Annotated sequence peptide string #24

jspaezp · 2021-08-18T23:42:00Z

[feature request]

I was wondering if there is any desire to implement "adding the annotated ions on the peptide sequence string". "P]E]P]TIDEP[I[N[K" kind of deal ...

like it is show in the following image

(in addition it would be great to have precursor ion annotations, let me know if you would like to make a new issue for it/try to implement it)

my_spectrum_top.annotate_peptide_fragments(0.5, 'Da', ion_types='p')

Thanks for the great package!
Sebastian

EDIT: Adding precursor ions to annotation is already supported!

bittremieux · 2021-08-19T16:39:13Z

I've thought previously about trying to add such a peptide string with the fragments indicated, but it's not trivial with matplotlib. I'll have to see how hard it would be to actually implement it.

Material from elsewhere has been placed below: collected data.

lemma Dlm_notin_process: "Dlm \<notin> set (process vs qs cs)"
proof -
  have "set (join_comma (map block (zip (zip vs qs) cs))) \<subseteq> - {Dlm}"
    by (intro set_join_comma_subset) (auto simp: block_def)
  then show ?thesis
    by (auto simp: process_eq_block)
qed

lemma map_fst_dec_process:
  "length qs = length vs \<Longrightarrow> length cs = length vs \<Longrightarrow> map fst (dec (process vs qs cs)) = vs"
  by (simp add: process_eq_block dec_join_comma dec_block comp_def)

lemma first_shot_vertices_kshot:
  assumes "0 < k" "length ss = Suc k" "set ss \<subseteq> set_pmf (proc_pmf VALS CONT c V vs)"
  shows "first_shot_vertices (fst (mk_kshot (take k ss) (ss ! k)) @ w) = vs"
proof -
  have "ss ! 0 \<in> set_pmf (proc_pmf VALS CONT c V vs)"
    using assms(2,3) by auto
  then obtain qs cs where s0: "ss ! 0 = process vs qs cs" and "qs \<in> set_pmf (gen_vals VALS c V None vs)"
    and "list_all2 (\<lambda>cv v. cv \<in> set_pmf (ctx_pmf CONT v)) cs vs"
    unfolding set_proc_pmf by blast
  then have "length qs = length vs" "length cs = length vs"
    by (auto dest: length_gen_vals list_all2_lengthD)
  moreover have "take k ss \<noteq> []" "hd (take k ss) = ss ! 0"
    using assms(1,2) by (cases ss; simp)+
  then have "takeWhile (\<lambda>x. x \<noteq> Dlm) (fst (mk_kshot (take k ss) (ss ! k)) @ w) = ss ! 0"
    by (simp add: takeWhile_mk_kshot s0 Dlm_notin_process)
  ultimately show ?thesis
    by (simp add: first_shot_vertices_def s0 map_fst_dec_process)
qed

lemma kshot_input_ne:
  "0 < k \<Longrightarrow> length ss = Suc k \<Longrightarrow> fst (mk_kshot (take k ss) (ss ! k)) \<noteq> []"
  using mk_kshot_fst[of "take k ss" "ss ! k"] by (cases ss) auto

lemma
  assumes "(inp, lab) \<in> set_pmf (data_pmf VALS CONT c V D k)" "0 < k"
  shows first_shot_vertices_data_pmf: "first_shot_vertices (inp @ w) \<in> set_pmf D"
    and input_data_pmf_ne: "inp \<noteq> []"
proof -
  obtain vs ss where "vs \<in> set_pmf D" "length ss = Suc k" "set ss \<subseteq> set_pmf (proc_pmf VALS CONT c V vs)"
    and "(inp, lab) = mk_kshot (take k ss) (ss ! k)"
    by (rule data_pmf_sample[OF assms(1)])
  then show "first_shot_vertices (inp @ w) \<in> set_pmf D" "inp \<noteq> []"
    using first_shot_vertices_kshot[OF assms(2)] kshot_input_ne[OF assms(2)] by (metis fst_conv)+
qed

section \<open>Losses and greedy decoding\<close>

lemma Pmodel_pos_le_1:
  assumes "finite A" "a \<in> A"
  shows "0 < Pmodel A \<theta> zs a" "Pmodel A \<theta> zs a \<le> 1"
proof -
  have "exp (logit \<theta> zs a) \<le> (\<Sum>b\<in>A. exp (logit \<theta> zs b))"
    using assms by (intro member_le_sum) auto
  moreover have "0 < (\<Sum>b\<in>A. exp (logit \<theta> zs b))"
    using assms by (intro sum_pos) auto
  ultimately show "0 < Pmodel A \<theta> zs a" "Pmodel A \<theta> zs a \<le> 1"
    by (simp_all add: Pmodel_def)
qed

lemma seq_loss_nonneg:
  assumes "finite A" "set lab \<subseteq> A"
  shows "0 \<le> seq_loss A \<theta> inp lab"
  unfolding seq_loss_def
proof (intro sum_nonneg)
  fix t assume "t \<in> {1..<length lab}"
  then have "lab ! t \<in> A"
    using assms(2) by auto
  then show "0 \<le> - ln (Pmodel A \<theta> (inp @ take t lab) (lab ! t))"
    using Pmodel_pos_le_1[OF assms(1)] by simp
qed

lemma seq_loss_cong:
  "(\<And>t. t \<in> {1..<length lab} \<Longrightarrow> logit \<theta> (inp @ take t lab) = logit \<theta>' (inp @ take t lab)) \<Longrightarrow>
    seq_loss A \<theta> inp lab = seq_loss A \<theta>' inp lab"
  by (auto simp: seq_loss_def Pmodel_def intro!: sum.cong)

lemma train_loss_cong:
  assumes "\<And>k inp lab t. k \<in> {1..<K} \<Longrightarrow> (inp, lab) \<in> set_pmf (data_pmf VALS CONT c V D k) \<Longrightarrow>
      t \<in> {1..<length lab} \<Longrightarrow> logit \<theta> (inp @ take t lab) = logit \<theta>' (inp @ take t lab)"
  shows "train_loss Vall VALS CONT c V K D \<theta> = train_loss Vall VALS CONT c V K D \<theta>'"
  unfolding train_loss_def
  by (intro sum.cong refl integral_cong_AE AE_pmfI) (auto intro!: seq_loss_cong assms)

lemma is_argmax_indicator_iff:
  assumes "finite A" "a \<in> A" "logit \<theta> zs = (\<lambda>x. if x = a then 1 else 0)"
  shows "is_argmax A (Pmodel A \<theta> zs) b \<longleftrightarrow> b = a"
proof -
  have Z: "0 < (\<Sum>b\<in>A. exp (logit \<theta> zs b))"
    using assms by (intro sum_pos) auto
  have "Pmodel A \<theta> zs y < Pmodel A \<theta> zs a" if "y \<noteq> a" for y
    using that Z by (simp add: Pmodel_def assms(3) divide_strict_right_mono)
  moreover have "Pmodel A \<theta> zs y \<le> Pmodel A \<theta> zs a" for y
    using Z by (simp add: Pmodel_def assms(3) divide_right_mono)
  ultimately show ?thesis
    using assms(2) by (auto simp: is_argmax_def not_le[symmetric])
qed

lemma greedy_run_iff:
  assumes "finite A" "set out \<subseteq> A"
    and logits: "\<And>i. i < length out \<Longrightarrow> logit \<theta> (z @ take i out) = (\<lambda>a. if a = out ! i then 1 else 0)"
    and "stops z out" "\<And>i. i < length out \<Longrightarrow> \<not> stops z (take i out)"
  shows "greedy_run A \<theta> z out' \<longleftrightarrow> out' = out"
proof
  have argmax: "is_argmax A (Pmodel A \<theta> (z @ take i out)) b \<longleftrightarrow> b = out ! i" if "i < length out" for i b
    using that assms(2) by (intro is_argmax_indicator_iff[OF assms(1) _ logits]) auto
  show "out' = out \<Longrightarrow> greedy_run A \<theta> z out'"
    using argmax assms(4,5) by (simp add: greedy_run_def)
  assume run: "greedy_run A \<theta> z out'"
  have prefix: "take i out' = take i out" if "i \<le> length out" "i \<le> length out'" for i
    using that
  proof (induction i)
    case (Suc i)
    have "is_argmax A (Pmodel A \<theta> (z @ take i out')) (out' ! i)"
      using run Suc.prems by (auto simp: greedy_run_def)
    then have "is_argmax A (Pmodel A \<theta> (z @ take i out)) (out' ! i)"
      using Suc by simp
    then show ?case
      using Suc argmax by (simp add: take_Suc_conv_app_nth)
  qed simp
  consider "length out' < length out" | "length out < length out'" | "length out' = length out"
    by linarith
  then show "out' = out"
  proof cases
    case 1
    then show ?thesis
      using prefix[of "length out'"] run assms(5)[of "length out'"] by (simp add: greedy_run_def)
  next
    case 2
    then show ?thesis
      using prefix[of "length out"] run assms(4) by (auto simp: greedy_run_def)
  next
    case 3
    then show ?thesis
      using prefix[of "length out"] by simp
  qed
qed

lemma exists_near_INF:
  fixes f :: "'a \<Rightarrow> real"
  assumes "bdd_below (range f)" "0 < \<epsilon>"
  shows "\<exists>x. \<bar>f x - (INF y. f y)\<bar> < \<epsilon>"
proof -
  obtain x where "f x < (INF y. f y) + \<epsilon>"
    using cInf_lessD[of "range f" "(INF y. f y) + \<epsilon>"] assms(2) by auto
  moreover have "(INF y. f y) \<le> f x"
    using assms(1) by (rule cINF_lower) simp
  ultimately show ?thesis
    by (intro exI[of _ x]) simp
qed

section \<open>Correct completions of test inputs\<close>

fun val_of :: "('v, 'c) token \<Rightarrow> int" where
  "val_of (Val q) = q"
| "val_of _ = 0"

text \<open>The \<open>k\<close>-shot input that a partial output extends ends at the first comma of the current
  sequence.  All shots share the vertex list, which the first shot names, and the input ends
  with the value of the first vertex; the correct completion propagates it along the chain.\<close>

definition query_prefix :: "('v, 'c) token list \<Rightarrow> ('v, 'c) token list" where
  "query_prefix z = take (length z - length (cur_seq z) +
     length (takeWhile (\<lambda>x. x \<noteq> Comma) (cur_seq z)) + 1) z"

definition expected_completion :: "('v \<times> 'v \<Rightarrow> int) \<Rightarrow> ('v, 'c) token list \<Rightarrow> ('v, 'c) token list" where
  "expected_completion c inp =
     (let vs = first_shot_vertices inp; q = val_of (inp ! (length inp - 2))
      in render (zip (tl vs) (chain_vals c (hd vs) q (tl vs))))"

definition correct_next :: "('v \<times> 'v \<Rightarrow> int) \<Rightarrow> ('v, 'c) token list \<Rightarrow> ('v, 'c) token" where
  "correct_next c z = expected_completion c (query_prefix z) ! (length z - length (query_prefix z))"

lemma query_prefix_append:
  assumes "Dlm \<notin> set P" "Comma \<notin> set P" "Dlm \<notin> set w"
  shows "query_prefix (X @ Dlm # P @ Comma # w) = X @ Dlm # P @ [Comma]"
proof -
  have "cur_seq (X @ Dlm # P @ Comma # w) = P @ Comma # w"
    using assms by (intro cur_seq_append_Dlm) simp
  then show ?thesis
    using assms(2) by (simp add: query_prefix_def takeWhile_neq_append)
qed

lemma correct_next_append:
  assumes "inp = X @ Dlm # P @ [Comma]" "Dlm \<notin> set P" "Comma \<notin> set P" "Dlm \<notin> set out"
    and "expected_completion c inp = out" "i < length out"
  shows "correct_next c (inp @ take i out) = out ! i"
proof -
  have "query_prefix (inp @ take i out) = inp"
    using assms(1-4) query_prefix_append[of P "take i out" X] by (auto dest: in_set_takeD)
  then show ?thesis
    using assms(5,6) by (simp add: correct_next_def)
qed

lemma correct_next_render:
  fixes ps :: "('v \<times> int) list"
  assumes "inp = X @ Dlm # [Vert g, Eq, Qu] @ map Ctx cv @ take 4 (render ps)"
    and "expected_completion c inp = render (tl ps)"
    and "i < length (render (tl ps) :: ('v, 'c) token list)"
  shows "correct_next c (inp @ take i (render (tl ps))) = render (tl ps) ! i"
proof -
  obtain v q p ps' where "ps = (v, q) # p # ps'"
    using assms(3) by (cases ps; cases "tl ps") auto
  then have "inp = X @ Dlm # ([Vert g, Eq, Qu] @ map Ctx cv @ [Vert v, Eq, Val q]) @ [Comma]"
    by (simp add: assms(1) render_Cons)
  then show ?thesis
    by (rule correct_next_append) (use assms(2,3) Dlm_notin_render in auto)
qed

lemma expected_completion_eq:
  assumes "first_shot_vertices inp = v # vs"
    and "inp = P @ take 4 (render ((v, q) # zip vs (chain_vals c v q vs)))"
  shows "expected_completion c inp = render (zip vs (chain_vals c v q vs))"
proof (cases vs)
  case Nil
  then show ?thesis
    using assms(1) by (simp add: expected_completion_def)
next
  case (Cons v' vs')
  then have "inp = (P @ [Vert v, Eq]) @ [Val q, Comma]"
    using assms(2) by (simp add: render_Cons)
  then have "inp ! (length inp - 2) = Val q"
    by (simp add: nth_append)
  then show ?thesis
    using assms(1) by (simp add: expected_completion_def Let_def)
qed

lemma stops_render:
  fixes P :: "('v, 'c) token list"
  assumes "ps \<noteq> []" "hd (cur_seq (P @ take 4 (render ps))) = Vert (fst (last ps))"
  shows "stops (P @ take 4 (render ps)) (render (tl ps))"
proof -
  obtain pre :: "('v, 'c) token list"
    where "render ps = pre @ [Vert (fst (last ps)), Eq, Val (snd (last ps))]"
    using render_snoc_last[OF assms(1)] by blast
  moreover have "take 4 (render ps) @ render (tl ps) = (render ps :: ('v, 'c) token list)"
    by (simp flip: drop_render)
  ultimately have "(P @ take 4 (render ps)) @ render (tl ps) =
      (P @ pre) @ [Vert (fst (last ps)), Eq, Val (snd (last ps))]"
    by simp
  then show ?thesis
    unfolding stops_def assms(2) by blast
qed

lemma not_stops_render_prefix:
  fixes P :: "('v, 'c) token list"
  assumes "hd (cur_seq (P @ take 4 (render ps))) = Vert (fst (last ps))"
    and "\<And>j. Suc j < length ps \<Longrightarrow> fst (ps ! j) \<noteq> fst (last ps)"
    and "i < length (render (tl ps) :: ('v, 'c) token list)"
  shows "\<not> stops (P @ take 4 (render ps)) (take i (render (tl ps)))"
proof
  define R :: "('v, 'c) token list" where "R = render ps"
  assume "stops (P @ take 4 R) (take i (render (tl ps)))"
  then obtain pre q
    where "(P @ take 4 R) @ take i (render (tl ps)) = pre @ [Vert (fst (last ps)), Eq, Val q]"
    unfolding stops_def assms(1)[folded R_def] by blast
  moreover have "take 4 R @ take i (render (tl ps)) = take (4 + i) R"
    by (simp add: R_def take_add drop_render)
  ultimately have eq: "P @ take (4 + i) R = pre @ [Vert (fst (last ps)), Eq, Val q]"
    by simp
  have len: "4 + i < length R"
    using assms(3) by (cases ps) (auto simp: R_def)
  have "\<exists>ws. take (4 + i) R = ws @ [Vert (fst (last ps)), Eq, Val q]"
    by (rule append_eq_append_suffix[OF eq]) (use len in simp)
  then obtain ws where "take (4 + i) R = ws @ [Vert (fst (last ps)), Eq, Val q]"
    by blast
  from take_render_ends_with_vertex[OF this[unfolded R_def] len[unfolded R_def]]
  obtain j where "Suc j < length ps" "fst (ps ! j) = fst (last ps)"
    by blast
  with assms(2) show False
    by blast
qed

I'm currently working on some extra peak annotations (neutral losses, modifications via ProForma). Highlighting the precursor peak should definitely be possible, I'll try to add that functionality relatively shortly.

bittremieux · 2021-12-21T23:44:30Z

To be honest, I don't really have a good idea how to highlight the fragments in the peptide sequence using matplotlib. Suggestions on how to properly combine text with graphical elements are welcome.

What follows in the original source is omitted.